Читаем Morire dentro полностью

Cushing continua a divagare, enunciando e rienunciando i suoi motivi e abbellendoli, offrendo pietà senza biasimo, promettendo aiuto al suo povero sofferente compagno di classe. Selig, ascoltandolo senza prestargli attenzione, scopre che la mente di Cushing comincia ad aprirglisi. Quel muro che poco fa separava le loro coscienze, forse un sottoprodotto della paura e dell’affaticamento di Selig, ha cominciato a dissolversi, e adesso Selig è capace di percepire un’immagine generalizzata della mente di Cushing, che è energica, robusta, capace, però anche convenzionale e limitata, una stupida mente repubblicana, un prosaico cervello Ivy League. Anzitutto non contiene un vero interesse per Selig ma piuttosto compiacente soddisfazione per se stesso: il bagliore più intenso emana dalla consapevolezza di Cushing per la sua fortunata condizione di vita, ben definita da una villetta suburbana, una gagliarda bionda moglie, tre bei bambini, un cane peloso, una splendente nuova Lincoln Continental. Spingendosi un pochino più in profondità, Selig vede che tutta la messinscena di interesse per lui da parte di Cushing è un imbroglio. Dietro quegli occhi calorosi e quel sorriso sincero, accorato, simpatico, c’è un disprezzo feroce. Cushing lo disprezza. Cushing ritiene che lui sia corrotto, inutile, senza valore, una disgrazia per l’umanità in generale e per la classe ’56 del Columbia College in particolare. Cushing lo trova ripugnante sia fisicamente sia moralmente, lo vede come uno che non si lava mai, sporco fuori e dentro, forse anche sifilitico. Sospetta che sia omosessuale. Prova per lui il disprezzo che l’affiliato al Rotary sente per un tossicomane. Riesce impossibile a Cushing capire come uno che ha avuto la fortuna di essere educato al Columbia possa lasciarsi scivolare nella degradazione che invece Selig ha addirittura accettato. Selig si sottrae al disgusto di Cushing. Sono proprio così nauseante, si chiede, sono un tale rifiuto?
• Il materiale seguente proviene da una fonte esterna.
(* Let $Q=ABCD$ be a non-degenerate parallelogram of perimeter $2$ and $Q^\circ=KLMN$ its dual. Then $|KL|=|BC|$, $|LM|=|AB|$, $|KM|=|AC|$, and $Q^\circ$ is a parallelogram congruent to $Q$ (parallelograms are self-dual up to isometry).
   Context: Identify $\mathbb{R}^2$ with $\mathbb{C}$. A quadrangle $Q=ABCD$ is an ordered 4-tuple of points $A,B,C,D\in\mathbb{C}$: $A$ is the first vertex and the order $A\to B\to C\to D\to A$ is the direction of traversal. Its edge vectors are $z_1=B-A$, $z_2=C-B$, $z_3=D-C$, $z_4=A-D$, so $z_1+z_2+z_3+z_4=0$; its perimeter is $|z_1|+|z_2|+|z_3|+|z_4|$. $Q$ is non-degenerate if each pair of consecutive edge vectors $(z_1,z_2),(z_2,z_3),(z_3,z_4),(z_4,z_1)$ consists of nonzero, non-collinear vectors. Associated plane: for a non-degenerate $Q$ of perimeter $2$, choose $u_1,\dots,u_4\in\mathbb{C}$ with $u_k^2=z_k$, where $u_1$ is an arbitrary square root of $z_1$ and for $k=1,2,3$ the sign of $u_{k+1}$ is chosen so that $\operatorname{Im}(\overline{u_k}u_{k+1})$ has the same sign as $\operatorname{Im}(\overline{z_k}z_{k+1})$. Write $u_k=a_k+i b_k$ and $\bar a=(a_1,a_2,a_3,a_4)$, $\bar b=(b_1,b_2,b_3,b_4)$; these are orthonormal in $\mathbb{R}^4$. Let $\Pi=\operatorname{span}(\bar a,\bar b)$ and $\Pi^\perp$ its orthogonal complement. Dual quadrangle: choose an orthonormal basis $(\bar c,\bar d)$ of $\Pi^\perp$, put $w_k=(c_k+i d_k)^2$; then $\sum_k w_k=0$ and $\sum_k|w_k|=2$. The dual quadrangle $Q^\circ=KLMN$ is the quadrangle with $L-K=w_1$, $M-L=w_2$, $N-M=w_3$, $K-N=w_4$. It is determined up to rotation, reflection and translation. *)

theory Defs
  imports "HOL-Analysis.Analysis"
begin

definition edge :: "complex \<Rightarrow> complex \<Rightarrow> complex \<Rightarrow> complex \<Rightarrow> nat \<Rightarrow> complex" where
  "edge A B C D k = (if k = 1 then B - A else if k = 2 then C - B
                     else if k = 3 then D - C else A - D)"

definition perimeter :: "complex \<Rightarrow> complex \<Rightarrow> complex \<Rightarrow> complex \<Rightarrow> real" where
  "perimeter A B C D = cmod (B - A) + cmod (C - B) + cmod (D - C) + cmod (A - D)"

definition collinear_vec :: "complex \<Rightarrow> complex \<Rightarrow> bool" where
  "collinear_vec z w \<longleftrightarrow> (\<exists>t::real. z = of_real t * w \<or> w = of_real t * z)"

definition nondegenerate_quad :: "complex \<Rightarrow> complex \<Rightarrow> complex \<Rightarrow> complex \<Rightarrow> bool" where
  "nondegenerate_quad A B C D \<longleftrightarrow>
     (\<forall>k\<in>{1..4::nat}. let z = edge A B C D k; w = edge A B C D (if k = 4 then 1 else k + 1)
        in z \<noteq> 0 \<and> w \<noteq> 0 \<and> \<not> collinear_vec z w)"

definition parallelogram :: "complex \<Rightarrow> complex \<Rightarrow> complex \<Rightarrow> complex \<Rightarrow> bool" where
  "parallelogram A B C D \<longleftrightarrow> B - A = C - D"

text \<open>The square roots u_1..u_4 used to define the associated plane: u_k^2 = z_k,
  u_1 arbitrary, and sign of Im(conj u_k u_(k+1)) equals sign of Im(conj z_k z_(k+1)).\<close>
definition associated_roots :: "complex \<Rightarrow> complex \<Rightarrow> complex \<Rightarrow> complex \<Rightarrow> (nat \<Rightarrow> complex) \<Rightarrow> bool" where
  "associated_roots A B C D u \<longleftrightarrow>
     (\<forall>k\<in>{1..4::nat}. (u k)\<^sup>2 = edge A B C D k) \<and>
     (\<forall>k\<in>{1..3::nat}. sgn (Im (cnj (u k) * u (k + 1)))
                       = sgn (Im (cnj (edge A B C D k) * edge A B C D (k + 1))))"

definition inner4 :: "(nat \<Rightarrow> real) \<Rightarrow> (nat \<Rightarrow> real) \<Rightarrow> real" where
  "inner4 x y = (\<Sum>k=1..4. x k * y k)"

text \<open>(c, d) is an orthonormal basis of the orthogonal complement of
  Pi = span(a, b), where a_k = Re u_k, b_k = Im u_k. (Pi^perp is 2-dimensional,
  so any orthonormal pair in it is a basis.)\<close>
definition dual_basis :: "(nat \<Rightarrow> complex) \<Rightarrow> (nat \<Rightarrow> real) \<Rightarrow> (nat \<Rightarrow> real) \<Rightarrow> bool" where
  "dual_basis u c d \<longleftrightarrow>
     (let a = (\<lambda>k. Re (u k)); b = (\<lambda>k. Im (u k)) in
       inner4 c a = 0 \<and> inner4 c b = 0 \<and> inner4 d a = 0 \<and> inner4 d b = 0 \<and>
       inner4 c c = 1 \<and> inner4 d d = 1 \<and> inner4 c d = 0)"

definition dual_quad :: "(nat \<Rightarrow> real) \<Rightarrow> (nat \<Rightarrow> real) \<Rightarrow> complex \<Rightarrow> complex \<Rightarrow> complex \<Rightarrow> complex \<Rightarrow> bool" where
  "dual_quad c d K L M N \<longleftrightarrow>
     (let w = (\<lambda>k. (Complex (c k) (d k))\<^sup>2) in
       L - K = w 1 \<and> M - L = w 2 \<and> N - M = w 3 \<and> K - N = w 4)"

definition plane_isometry :: "(complex \<Rightarrow> complex) \<Rightarrow> bool" where
  "plane_isometry f \<longleftrightarrow> (\<forall>x y. dist (f x) (f y) = dist x y)"

end

theory Submission
  imports Defs
begin

text \<open>Write \<open>\<zeta>\<^sub>k = c\<^sub>k + i d\<^sub>k\<close>, so that \<open>w\<^sub>k = \<zeta>\<^sub>k\<^sup>2\<close>. The vectors \<open>a, b, c, d\<close> form an
  orthonormal basis of \<open>\<real>\<^sup>4\<close>, so the rows of the matrix with these columns are orthonormal as
  well: \<open>Re (cnj u\<^sub>k * u\<^sub>m) + Re (cnj \<zeta>\<^sub>k * \<zeta>\<^sub>m) = \<delta>\<^sub>k\<^sub>m\<close>. On the diagonal this says
  \<open>|w\<^sub>k| = 1 - |z\<^sub>k|\<close>, which for a parallelogram of perimeter 2 exchanges the two side lengths.
  Off the diagonal, \<open>u\<^sub>3 = \<plusminus>i u\<^sub>1\<close> gives \<open>\<zeta>\<^sub>1 \<perp> \<zeta>\<^sub>3\<close>, hence \<open>w\<^sub>3 = -w\<^sub>1\<close>, and
  \<open>Re (cnj \<zeta>\<^sub>1 * \<zeta>\<^sub>2) = -Re (cnj u\<^sub>1 * u\<^sub>2)\<close> shows that \<open>w\<^sub>1, w\<^sub>2\<close> enclose the same angle
  as \<open>-z\<^sub>2, -z\<^sub>1\<close>, so \<open>KLMN\<close> is congruent to \<open>CBAD\<close>.\<close>

lemma orthonormal_rows_if_orthonormal_columns:
  fixes col :: "'n::finite \<Rightarrow> 'n \<Rightarrow> real"
  assumes "\<And>j l. (\<Sum>k\<in>UNIV. col j k * col l k) = (if j = l then 1 else 0)"
  shows "(\<Sum>j\<in>UNIV. col j k * col j m) = (if k = m then 1 else 0)"
proof -
  define Q :: "real^'n^'n" where "Q = (\<chi> i j. col j i)"
  have "transpose Q ** Q = mat 1"
    using assms by (simp add: vec_eq_iff matrix_matrix_mult_def transpose_def Q_def mat_def)
  then have "Q ** transpose Q = mat 1"
    using matrix_left_right_inverse by blast
  then have "(Q ** transpose Q) $ k $ m = mat 1 $ k $ m" by simp
  then show ?thesis by (simp add: matrix_matrix_mult_def transpose_def Q_def mat_def)
qed

lemma orthonormal_rows_if_orthonormal_columns_4:
  fixes col :: "nat \<Rightarrow> nat \<Rightarrow> real"
  assumes "\<And>j l. j \<in> {1..4} \<Longrightarrow> l \<in> {1..4} \<Longrightarrow>
             (\<Sum>k=1..4. col j k * col l k) = (if j = l then 1 else 0)"
    and "k \<in> {1..4}" "m \<in> {1..4}"
  shows "(\<Sum>j=1..4. col j k * col j m) = (if k = m then 1 else 0)"
proof -
  obtain idx :: "4 \<Rightarrow> nat" where idx: "bij_betw idx UNIV {1..4}"
    using finite_same_card_bij[of "UNIV :: 4 set" "{1..4::nat}"] by auto
  have reindex: "(\<Sum>i\<in>UNIV. g (idx i)) = (\<Sum>k=1..4. g k)" for g :: "nat \<Rightarrow> real"
    using sum.reindex_bij_betw[OF idx] .
  have idx_range: "idx i \<in> {1..4}" for i
    using idx by (auto simp: bij_betw_def)
  have idx_eq: "idx i = idx i' \<longleftrightarrow> i = i'" for i i'
    using idx by (auto simp: bij_betw_def inj_eq)
  have "(\<Sum>i\<in>UNIV. col (idx j) (idx i) * col (idx l) (idx i)) = (if j = l then 1 else 0)" for j l
    using reindex[of "\<lambda>k. col (idx j) k * col (idx l) k"] assms(1)[OF idx_range idx_range]
    by (simp add: idx_eq)
  from orthonormal_rows_if_orthonormal_columns[where col = "\<lambda>j l. col (idx j) (idx l)", OF this]
  have "(\<Sum>j\<in>UNIV. col (idx j) (idx i) * col (idx j) (idx i')) = (if i = i' then 1 else 0)" for i i' .
  moreover obtain i i' where "idx i = k" "idx i' = m"
    using assms(2,3) idx by (metis bij_betw_iff_bijections)
  ultimately show ?thesis
    using reindex[of "\<lambda>j. col j k * col j m"] idx_eq by auto
qed

lemma power2_eq_neg_power2_iff:
  fixes x y :: complex
  shows "y\<^sup>2 = - (x\<^sup>2) \<longleftrightarrow> Re (cnj x * y) = 0 \<and> cmod x = cmod y"
proof
  assume "y\<^sup>2 = - (x\<^sup>2)"
  then have "(y - \<i> * x) * (y + \<i> * x) = 0"
    by (simp add: algebra_simps power2_eq_square)
  then have "y - \<i> * x = 0 \<or> y + \<i> * x = 0"
    by simp
  then have "y = \<i> * x \<or> y = - \<i> * x"
    by (auto simp: algebra_simps eq_neg_iff_add_eq_0)
  then show "Re (cnj x * y) = 0 \<and> cmod x = cmod y"
    by (auto simp: norm_mult)
next
  assume "Re (cnj x * y) = 0 \<and> cmod x = cmod y"
  moreover obtain a b c d where x: "x = Complex a b" and y: "y = Complex c d"
    by (meson complex.exhaust)
  ultimately have orth: "a * c + b * d = 0" and norms: "a\<^sup>2 + b\<^sup>2 = c\<^sup>2 + d\<^sup>2"
    by (auto simp: cmod_def)
  have "(c\<^sup>2 - d\<^sup>2 + a\<^sup>2 - b\<^sup>2)\<^sup>2 + (2 * c * d + 2 * a * b)\<^sup>2
        = (a\<^sup>2 + b\<^sup>2 - c\<^sup>2 - d\<^sup>2)\<^sup>2 + 4 * (a * c + b * d)\<^sup>2"
    by algebra
  then have "c\<^sup>2 - d\<^sup>2 + a\<^sup>2 - b\<^sup>2 = 0 \<and> 2 * c * d + 2 * a * b = 0"
    using orth norms by (simp add: sum_power2_eq_zero_iff)
  then show "y\<^sup>2 = - (x\<^sup>2)"
    by (simp add: x y complex_eq_iff power2_eq_square algebra_simps)
qed
lemma norm_le_norm_add_self:
  fixes x y :: "'a::real_normed_vector"
  assumes "norm (y - x) \<le> norm x / 2"
  shows "norm x \<le> norm (y + y)"
proof -
  have "norm x \<le> norm y + norm (y - x)"
    using norm_triangle_sub[of x y] norm_minus_commute[of x y] by simp
  then show ?thesis
    using assms by (simp flip: scaleR_2)
qed

lemma unorm_nonneg: "0 \<le> unorm u"
  by (simp add: unorm_def)

lemma norm_le_unorm: "norm u \<le> unorm u"
  using norm_Pair_le[of "fst u" "snd u"] by (simp add: unorm_def)

lemma unorm_le_norm: "unorm u \<le> 2 * norm u"
  using norm_fst_le[of "fst u" "snd u"] norm_snd_le[of "snd u" "fst u"] by (simp add: unorm_def)

lemma unorm_umult: "unorm (umult u v) \<le> unorm u * unorm v"
proof -
  have "norm (fst u * fst v + scaleC (snd u) (fst v) + scaleC (snd v) (fst u))
      \<le> norm (fst u) * norm (fst v) + cmod (snd u) * norm (fst v) + cmod (snd v) * norm (fst u)"
  proof -
    have "norm (fst u * fst v + scaleC (snd u) (fst v) + scaleC (snd v) (fst u))
        \<le> norm (fst u * fst v) + norm (scaleC (snd u) (fst v)) + norm (scaleC (snd v) (fst u))"
      by (meson add_right_mono norm_triangle_ineq order_trans)
    then show ?thesis
      using norm_mult_ineq[of "fst u" "fst v"] by (simp add: norm_scaleC)
  qed
  then have "unorm (umult u v) \<le> norm (fst u) * norm (fst v) + cmod (snd u) * norm (fst v)
      + cmod (snd v) * norm (fst u) + cmod (snd u) * cmod (snd v)"
    by (simp add: unorm_def umult_def norm_mult)
  also have "\<dots> = unorm u * unorm v"
    by (simp add: unorm_def distrib_left distrib_right mult.commute)
  finally show ?thesis .
qed
lemma GLP_boxdots_Cons_imp_Box:
  assumes "GLP (Imp (conj (map boxdot (a # ts))) y)"
  shows "GLP (Imp (And (conj (map boxdot ts)) (Box 0 a)) (Box 0 y))"
proof -
  have "GLP (Imp (And (conj (map boxdot ts)) (Box 0 a)) (Box 0 (Imp (conj (map boxdot (a # ts))) y)))"
    using assms by (rule GLP_imp_Box_nec)
  with GLP_boxdots_Box_Cons[of ts a] show ?thesis
    by (intro GLP_Box_tautological_consequence[of
          "[conj (map boxdot (a # ts)), Imp (conj (map boxdot (a # ts))) y]"])
       (auto simp del: tval_conj)
qed

lemma GLP_boxdots_imp_Or_Box:
  assumes refl: "GLP (Imp (conj (map refl0 psis)) x)"
    and step: "\<And>\<psi>. \<psi> \<in> set psis - set ts \<Longrightarrow>
      GLP (Imp (And (conj (map boxdot ts)) (Box 0 \<psi>)) (Box 0 y))"
  shows "GLP (Imp (conj (map boxdot ts)) (Or x (Box 0 y)))"
proof -
  let ?step = "\<lambda>\<psi>. Imp (And (conj (map boxdot ts)) (Box 0 \<psi>)) (Box 0 y)"
  let ?hyps = "Imp (conj (map refl0 psis)) x # map ?step (filter (\<lambda>\<psi>. \<psi> \<notin> set ts) psis)"
  show ?thesis
  proof (rule GLP_tautological_consequence[of ?hyps])
    fix v
    assume hyps: "\<forall>h\<in>set ?hyps. tval v h"
    then have refl_v: "tval v (Imp (conj (map refl0 psis)) x)"
      by (simp del: tval.simps)
    show "tval v (Imp (conj (map boxdot ts)) (Or x (Box 0 y)))"
    proof (cases "tval v x")
      case False
      with refl_v obtain \<psi> where \<psi>: "\<psi> \<in> set psis" "tval v (Box 0 \<psi>)" "\<not> tval v \<psi>"
        by auto
      have "tval v (Box 0 y)" if boxdots: "tval v (conj (map boxdot ts))"
      proof -
        from boxdots \<psi>(3) have "\<psi> \<notin> set ts"
          by auto
        with \<psi>(1) have "?step \<psi> \<in> set ?hyps"
          by simp
        with hyps have "tval v (?step \<psi>)"
          by (rule bspec)
        with boxdots \<psi>(2) show ?thesis
          by (simp del: tval_conj)
      qed
      then show ?thesis
        by (simp del: tval_conj)
    qed simp
  qed (use refl step in simp)
qed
La sua presa sulla mente di Cushing si irrobustisce e si approfondisce. Finisce per non turbarlo più il fatto che Cushing lo disprezza tanto, Selig si sposta in una forma astratta nella quale non identifica più se stesso col miserabile pidocchio visto da Cushing. Che cosa ne sa, Cushing? Riesce forse a penetrare nella mente di un altro? Riesce a provare l’estasi del contatto reale con un altro essere umano? Eppure lì c’è estasi. Simile a un dio lui se ne va passeggiando nella mente di Cushing, affondando al di là delle difese esterne, al di là dei graziosi motivi di orgoglio e degli snobismi, al di là della mediocrità compiaciuta di sé autogratificantesi, nella zona dei valori assoluti, nel regno dell’autentico io. Contatto! Estasi! Quello stronzo di Cushing è soltanto guscio, niente polpa. Qui c’è un Cushing che neppure Cushing conosce: lo conosce Selig.